Parameters: { colsample, early_stopping_rounds } might not be used.

  This may not be accurate due to some parameters are only used in language bindings but
  passed down to XGBoost core.  Or some parameters are not used but slip through this
  verification.
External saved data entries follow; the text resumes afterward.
definition prim :: "(real \<Rightarrow> real) \<Rightarrow> real \<Rightarrow> real" where
  "prim h y = (LBINT t=ereal 0..ereal y. h t)"

lemma iter_int_Cons_prim: "iter_int (f # fs) = prim (\<lambda>t. f t * iter_int fs t)"
  by (simp add: prim_def fun_eq_iff)

lemma prim_0 [simp]: "prim h 0 = 0"
  by (simp add: prim_def)

lemma has_real_derivative_prim:
  assumes h: "continuous_on Ipi h" and y: "y \<in> Ipi"
  shows "(prim h has_real_derivative h y) (at y)"
proof -
  define d where "d = (-pi/2 + min 0 y)/2"
  define e where "e = (pi/2 + max 0 y)/2"
  have de: "-pi/2 < d" "d < min 0 y" "max 0 y < e" "e < pi/2"
    using y pi_gt_zero unfolding d_def e_def by (auto simp: min_def max_def)
  have c: "continuous_on {d..e} h"
    by (rule continuous_on_subset[OF h]) (use de in auto)
  have "(prim h has_vector_derivative h y) (at y within {d..e})"
    unfolding prim_def[abs_def] by (rule interval_integral_FTC2[OF _ _ c]) (use de in auto)
  then have "(prim h has_vector_derivative h y) (at y within {d<..<e})"
    by (rule has_vector_derivative_within_subset) auto
  then have "(prim h has_vector_derivative h y) (at y)"
    using de by (subst (asm) has_vector_derivative_within_open) auto
  then show ?thesis
    by (simp add: has_real_derivative_iff_has_vector_derivative)
qed

lemma prim_eq_diff:
  assumes h: "continuous_on Ipi h" and F: "\<And>x. x \<in> Ipi \<Longrightarrow> (F has_real_derivative h x) (at x)"
    and y: "y \<in> Ipi"
  shows "prim h y = F y - F 0"
proof -
  have sub: "{min 0 y..max 0 y} \<subseteq> Ipi" using y by auto
  show ?thesis
    unfolding prim_def
  proof (rule interval_integral_FTC_finite)
    show "continuous_on {min 0 y..max 0 y} h" by (rule continuous_on_subset[OF h sub])
    show "(F has_vector_derivative h x) (at x within {min 0 y..max 0 y})"
      if "min 0 y \<le> x" "x \<le> max 0 y" for x
    proof -
      have "x \<in> Ipi" using sub that by auto
      then show ?thesis
        using F[of x] by (simp add: has_real_derivative_iff_has_vector_derivative has_vector_derivative_at_within)
    qed
  qed
qed

lemma prim_cong:
  assumes "\<And>t. t \<in> Ipi \<Longrightarrow> f t = g t" and y: "y \<in> Ipi"
  shows "prim f y = prim g y"
  unfolding prim_def
proof (rule interval_integral_cong)
  fix x assume "x \<in> einterval (min (ereal 0) (ereal y)) (max (ereal 0) (ereal y))"
  then have "x \<in> Ipi" using y by (auto simp: einterval_iff min_def max_def split: if_splits)
  then show "f x = g x" using assms by auto
qed

lemma continuous_on_prim: "continuous_on Ipi h \<Longrightarrow> continuous_on Ipi (prim h)"
  using has_real_derivative_prim by (meson DERIV_isCont continuous_at_imp_continuous_on)

lemma prim_lincomb:
  assumes f: "continuous_on Ipi f" and g: "continuous_on Ipi g" and y: "y \<in> Ipi"
  shows "prim (\<lambda>t. c * f t + d * g t) y = c * prim f y + d * prim g y"
proof -
  have "prim (\<lambda>t. c * f t + d * g t) y
      = (\<lambda>y. c * prim f y + d * prim g y) y - (\<lambda>y. c * prim f y + d * prim g y) 0"
    by (rule prim_eq_diff[OF _ _ y])
      (auto intro!: continuous_intros f g derivative_eq_intros
        has_real_derivative_prim[OF f] has_real_derivative_prim[OF g])
  then show ?thesis by simp
qed

lemma prim_sum_list:
  assumes "\<And>x. x \<in> set xs \<Longrightarrow> continuous_on Ipi (h x)" and y: "y \<in> Ipi"
  shows "prim (\<lambda>t. \<Sum>x\<leftarrow>xs. c x * h x t) y = (\<Sum>x\<leftarrow>xs. c x * prim (h x) y)"
proof -
  have "prim (\<lambda>t. \<Sum>x\<leftarrow>xs. c x * h x t) y = (\<Sum>x\<leftarrow>xs. c x * prim (h x) y)
      \<and> continuous_on Ipi (\<lambda>t. \<Sum>x\<leftarrow>xs. c x * h x t)"
    using assms(1)
  proof (induction xs)
    case (Cons x xs)
    then have "continuous_on Ipi (h x)" "continuous_on Ipi (\<lambda>t. \<Sum>x\<leftarrow>xs. c x * h x t)" by auto
    with prim_lincomb[OF this y, of "c x" 1] Cons show ?case by (auto intro!: continuous_intros)
  qed (simp add: prim_def)
  then show ?thesis ..
qed

text \<open>\<open>vanishing_prim F\<close> says that \<open>F\<close> is \<open>C\<^sup>1\<close> on \<open>Ipi\<close> with \<open>F 0 = F' 0 = 0\<close>, which is what
  keeps \<open>csc t * F t\<close> continuous at \<open>0\<close>.\<close>

definition vanishing :: "(real \<Rightarrow> real) \<Rightarrow> bool" where
  "vanishing h \<longleftrightarrow> continuous_on Ipi h \<and> h 0 = 0"

definition vanishing_prim :: "(real \<Rightarrow> real) \<Rightarrow> bool" where
  "vanishing_prim F \<longleftrightarrow> (\<exists>h. vanishing h \<and> (\<forall>y\<in>Ipi. F y = prim h y))"

lemma vanishing_prim_prim: "vanishing h \<Longrightarrow> vanishing_prim (prim h)"
  unfolding vanishing_prim_def by auto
Please open an issue if you find above cases.




In [120]:
index = test_x.index.to_numpy().reshape(-1, 1)
preds = preds.reshape(-1, 1)
submission = np.concatenate((index, preds), axis=1)
submission = pd.DataFrame(submission)

In [125]:
submission.to_csv('xgb_ho.csv', index=False, header=False)

## Torch

In [39]:
dataset = TrainingDataset(target_transform = transform_labels)

In [40]:
train_ratio = 0.95
train_size = int(train_ratio * len(dataset))
test_size = len(dataset) - train_size
train_dataset, val_dataset = random_split(dataset, [train_size, test_size])

In [41]:
batch_size = 10

train_dataloader = DataLoader(train_dataset, batch_size=batch_size)
val_dataloader = DataLoader(val_dataset, batch_size=batch_size)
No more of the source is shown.